§ Material for this task:

(* The size $z_{SS}$ of the non-self-referencing LZSS factorization satisfies: substitutions: $\limsup_{n\to\infty}\mathsf{MS}_{\mathrm{sub}}(z_{SS},n)\le 3$ and $\mathsf{AS}_{\mathrm{sub}}(z_{SS},n)\le 2z_{SS}-2$; insertions: $\mathsf{MS}_{\mathrm{ins}}(z_{SS},n)\le 2$ and $\mathsf{AS}_{\mathrm{ins}}(z_{SS},n)\le z_{SS}$; deletions: $\limsup_{n\to\infty}\mathsf{MS}_{\mathrm{del}}(z_{SS},n)\le 3$ and $\mathsf{AS}_{\mathrm{del}}(z_{SS},n)\le 2z_{SS}-3$, where $\mathsf{AS}_\ast(z_{SS},n)\le a z_{SS}-c$ means $z_{SS}(T')-z_{SS}(T)\le a\,z_{SS}(T)-c$ for all $T$ of length $n$ and all $T'$ obtained from $T$ by one edit of that type.
   Context: Strings are over an alphabet $\Sigma$; $\mathsf{ed}$ is the edit distance. $\mathsf{MS}_{\mathrm{sub}}(C,n)=\max_{T\in\Sigma^n}\{C(T')/C(T): T'\in\Sigma^n,\ \mathsf{ed}(T,T')=1\}$, with $\mathsf{MS}_{\mathrm{ins}},\mathsf{MS}_{\mathrm{del}}$ analogous for $T'$ of length $n+1$, resp. $n-1$, and $\mathsf{AS}_\ast$ analogous with $C(T')-C(T)$. The non-self-referencing LZSS factorization of $T$ is $T=f_1\cdots f_z$ where each $f_i$ is either the first occurrence in $T$ of a character, or the longest prefix of $f_i\cdots f_z$ that occurs as a substring of $f_1\cdots f_{i-1}$; $z_{SS}(T)=z$. *)

theory Defs
  imports Complex_Main "HOL-Library.Sublist" "HOL-Library.Extended_Real" "HOL-Library.Liminf_Limsup"
begin

fun ed :: "'a list \<Rightarrow> 'a list \<Rightarrow> nat" where
  "ed [] ys = length ys"
| "ed xs [] = length xs"
| "ed (x # xs) (y # ys) =
     min (min (ed xs (y # ys) + 1) (ed (x # xs) ys + 1))
         (ed xs ys + (if x = y then 0 else 1))"

definition is_lzss_fact :: "'a list \<Rightarrow> 'a list list \<Rightarrow> bool" where
  "is_lzss_fact T fs \<longleftrightarrow> concat fs = T \<and>
     (\<forall>i < length fs.
        let P = concat (take i fs); S = concat (drop i fs); f = fs ! i in
        (length f = 1 \<and> hd f \<notin> set P) \<or>
        (f \<noteq> [] \<and> prefix f S \<and> sublist f P \<and>
         (\<forall>g. prefix g S \<and> sublist g P \<longrightarrow> length g \<le> length f)))"

definition z_SS :: "'a list \<Rightarrow> nat" where
  "z_SS T = (THE k. \<exists>fs. is_lzss_fact T fs \<and> length fs = k)"

definition MS_sub :: "('a list \<Rightarrow> nat) \<Rightarrow> nat \<Rightarrow> ereal" where
  "MS_sub C n = Sup {ereal (real (C T') / real (C T)) | T T'.
      length T = n \<and> length T' = n \<and> ed T T' = 1}"

definition MS_ins :: "('a list \<Rightarrow> nat) \<Rightarrow> nat \<Rightarrow> ereal" where
  "MS_ins C n = Sup {ereal (real (C T') / real (C T)) | T T'.
      length T = n \<and> length T' = n + 1 \<and> ed T T' = 1}"

definition MS_del :: "('a list \<Rightarrow> nat) \<Rightarrow> nat \<Rightarrow> ereal" where
  "MS_del C n = Sup {ereal (real (C T') / real (C T)) | T T'.
      length T = n \<and> length T' + 1 = n \<and> ed T T' = 1}"

end

theory Submission
  imports Defs
begin

(* Call a parsing of T valid if each phrase has length at most one or occurs in the text
   before it. The non-self-referencing LZSS factorization is greedy, hence a shortest valid
   parsing, so z_SS T is the least length of a valid parsing of T. Write T = u m v and
   T' = u m' v with |m|, |m'| <= 1. From the LZSS factorization of T we get a valid parsing
   of T': phrases ending before the edit are kept, the phrase x m y containing it becomes
   x, m', y, and each later phrase, whose earlier occurrence may straddle m, is cut into its
   parts inside u, inside m and inside the rest, i.e. into at most 2 + |m| valid phrases.
   Counting gives z_SS T' <= 3 z_SS T - 2, 2 z_SS T and 3 z_SS T - 3 for a substitution,
   an insertion and a deletion. *)

lemma ed_self [simp]: "ed xs xs = 0"
  by (induction xs) auto

lemma ed_eq_0_iff [simp]: "ed xs ys = 0 \<longleftrightarrow> xs = ys"
proof
  show "ed xs ys = 0 \<Longrightarrow> xs = ys"
    by (induction xs ys rule: ed.induct) (auto simp: min_def split: if_splits)
qed simp

lemma ed_eq_1_decomp:
  "ed xs ys = 1 \<Longrightarrow> \<exists>u a b v. xs = u @ a @ v \<and> ys = u @ b @ v \<and>
     length a \<le> 1 \<and> length b \<le> 1 \<and> a \<noteq> b"
proof (induction xs ys rule: ed.induct)
  case (1 ys)
  then show ?case by (intro exI[of _ "[]"] exI[of _ ys]) auto
next
  case (2 x xs)
  then show ?case by (intro exI[of _ "[]"] exI[of _ "[x]"]) auto
next
  case (3 x xs y ys)
  then consider "xs = y # ys" | "x # xs = ys" | "x = y" "ed xs ys = 1" | "x \<noteq> y" "xs = ys"
    by (auto simp: min_def split: if_splits)
  then show ?case
  proof cases
    case 1
    then show ?thesis by (intro exI[of _ "[]"] exI[of _ "[x]"] exI[of _ "[]"] exI[of _ xs]) auto
  next
    case 2
    then show ?thesis by (intro exI[of _ "[]"] exI[of _ "[]"] exI[of _ "[y]"] exI[of _ ys]) auto
  next
    case 3
    with "3.IH"(3) obtain u a b v where "xs = u @ a @ v" "ys = u @ b @ v"
      "length a \<le> 1" "length b \<le> 1" "a \<noteq> b" by blast
    with \<open>x = y\<close> show ?thesis
      by (intro exI[of _ "x # u"] exI[of _ a] exI[of _ b] exI[of _ v]) auto
  next
    case 4
    then show ?thesis by (intro exI[of _ "[]"] exI[of _ "[x]"] exI[of _ "[y]"] exI[of _ xs]) auto
  qed
qed

definition valid_parsing :: "'a list list \<Rightarrow> bool" where
  "valid_parsing ps \<longleftrightarrow>
     (\<forall>i<length ps. length (ps ! i) \<le> 1 \<or> sublist (ps ! i) (concat (take i ps)))"

lemma valid_parsing_Nil [simp]: "valid_parsing []"
  by (simp add: valid_parsing_def)

lemma valid_parsing_snoc [simp]:
  "valid_parsing (ps @ [p]) \<longleftrightarrow> valid_parsing ps \<and> (length p \<le> 1 \<or> sublist p (concat ps))"
  by (auto simp: valid_parsing_def nth_append less_Suc_eq)

lemma valid_parsing_appendD: "valid_parsing (ps @ qs) \<Longrightarrow> valid_parsing ps"
  by (induction qs rule: rev_induct) (simp_all flip: append_assoc)

lemma valid_parsing_append_phrases:
  assumes "valid_parsing ps" "\<And>q. q \<in> set qs \<Longrightarrow> length q \<le> 1 \<or> sublist q (concat ps)"
  shows "valid_parsing (ps @ qs)"
  using assms(2)
proof (induction qs rule: rev_induct)
  case (snoc q qs)
  have "sublist (concat ps) (concat (ps @ qs))" by simp
  moreover have "length q \<le> 1 \<or> sublist q (concat ps)" using snoc.prems by simp
  ultimately have "length q \<le> 1 \<or> sublist q (concat (ps @ qs))"
    using sublist_order.order.trans by blast
  with snoc show ?case by (simp flip: append_assoc)
qed (simp add: assms(1))

lemma sublist_append_split:
  "sublist w (xs @ ys) \<Longrightarrow> \<exists>w1 w2. w = w1 @ w2 \<and> sublist w1 xs \<and> sublist w2 ys"
  unfolding sublist_append
  by (metis append_Nil append_Nil2 sublist_Nil_left prefix_imp_sublist suffix_imp_sublist)

lemma phrase_reparse_after_edit:
  assumes "length w \<le> 1 \<or> sublist w (u @ m @ W)"
  shows "\<exists>qs. concat qs = w \<and> length qs \<le> 2 + length m \<and>
           (\<forall>q\<in>set qs. length q \<le> 1 \<or> sublist q (u @ m' @ W))"
proof (cases "length w \<le> 1")
  case True
  then show ?thesis by (intro exI[of _ "[w]"]) auto
next
  case False
  with assms obtain w1 w2 w3 where w: "w = w1 @ w2 @ w3"
    and "sublist w1 u" "sublist w2 m" "sublist w3 W"
    by (metis sublist_append_split)
  moreover have "sublist W (u @ m' @ W)" "sublist u (u @ m' @ W)"
    using sublist_append_leftI[of W "u @ m'"] by simp_all
  ultimately have "sublist w1 (u @ m' @ W)" "sublist w3 (u @ m' @ W)" "length w2 \<le> length m"
    by (auto intro: sublist_order.order.trans sublist_length_le)
  with w show ?thesis
    by (intro exI[of _ "[w1] @ map (\<lambda>c. [c]) w2 @ [w3]"]) (auto simp: concat_map_singleton)
qed

lemma valid_parsing_reparse_suffix:
  assumes "valid_parsing (pre @ hs)" "concat pre = u @ m @ w"
    and "valid_parsing ps" "concat ps = u @ m' @ w"
  shows "\<exists>qs. valid_parsing (ps @ qs) \<and> concat qs = concat hs \<and>
           length qs \<le> (2 + length m) * length hs"
  using assms(1)
proof (induction hs rule: rev_induct)
  case Nil
  show ?case using assms(3) by (intro exI[of _ "[]"]) simp
next
  case (snoc h hs)
  then have "valid_parsing (pre @ hs)" and "length h \<le> 1 \<or> sublist h (concat (pre @ hs))"
    by (simp_all flip: append_assoc)
  then obtain qs where qs: "valid_parsing (ps @ qs)" "concat qs = concat hs"
      "length qs \<le> (2 + length m) * length hs"
    and h: "length h \<le> 1 \<or> sublist h (u @ m @ (w @ concat hs))"
    using snoc.IH assms(2) by auto
  obtain rs where rs: "concat rs = h" "length rs \<le> 2 + length m"
      "\<forall>r\<in>set rs. length r \<le> 1 \<or> sublist r (u @ m' @ (w @ concat hs))"
    using phrase_reparse_after_edit[OF h] by blast
  have "valid_parsing ((ps @ qs) @ rs)"
    using valid_parsing_append_phrases[OF qs(1)] rs(3) qs(2) assms(4) by simp
  with qs rs show ?case by (intro exI[of _ "qs @ rs"]) auto
qed

lemma concat_split_at_phrase:
  "p < length (concat fs) \<Longrightarrow>
     \<exists>gs x y hs. fs = gs @ (x @ y) # hs \<and> y \<noteq> [] \<and> concat gs @ x = take p (concat fs)"
proof (induction fs arbitrary: p)
  case (Cons f fs)
  show ?case
  proof (cases "p < length f")
    case True
    then show ?thesis by (intro exI[of _ "[]"] exI[of _ "take p f"] exI[of _ "drop p f"] exI[of _ fs]) auto
  next
    case False
    with Cons.prems have "p - length f < length (concat fs)" by simp
    then obtain gs x y hs where
      "fs = gs @ (x @ y) # hs" "y \<noteq> []" "concat gs @ x = take (p - length f) (concat fs)"
      using Cons.IH by blast
    with False show ?thesis by (intro exI[of _ "f # gs"]) auto
  qed
qed simp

§ Task to carry out: Beginning with the line containing "using sublist_order.order.trans by blast" and ending with the line containing "unfolding sublist_append", extract those lines exactly from the listing above, and only those.

§ Your response:
    using sublist_order.order.trans by blast
  with snoc show ?case by (simp flip: append_assoc)
qed (simp add: assms(1))

lemma sublist_append_split:
  "sublist w (xs @ ys) \<Longrightarrow> \<exists>w1 w2. w = w1 @ w2 \<and> sublist w1 xs \<and> sublist w2 ys"
  unfolding sublist_append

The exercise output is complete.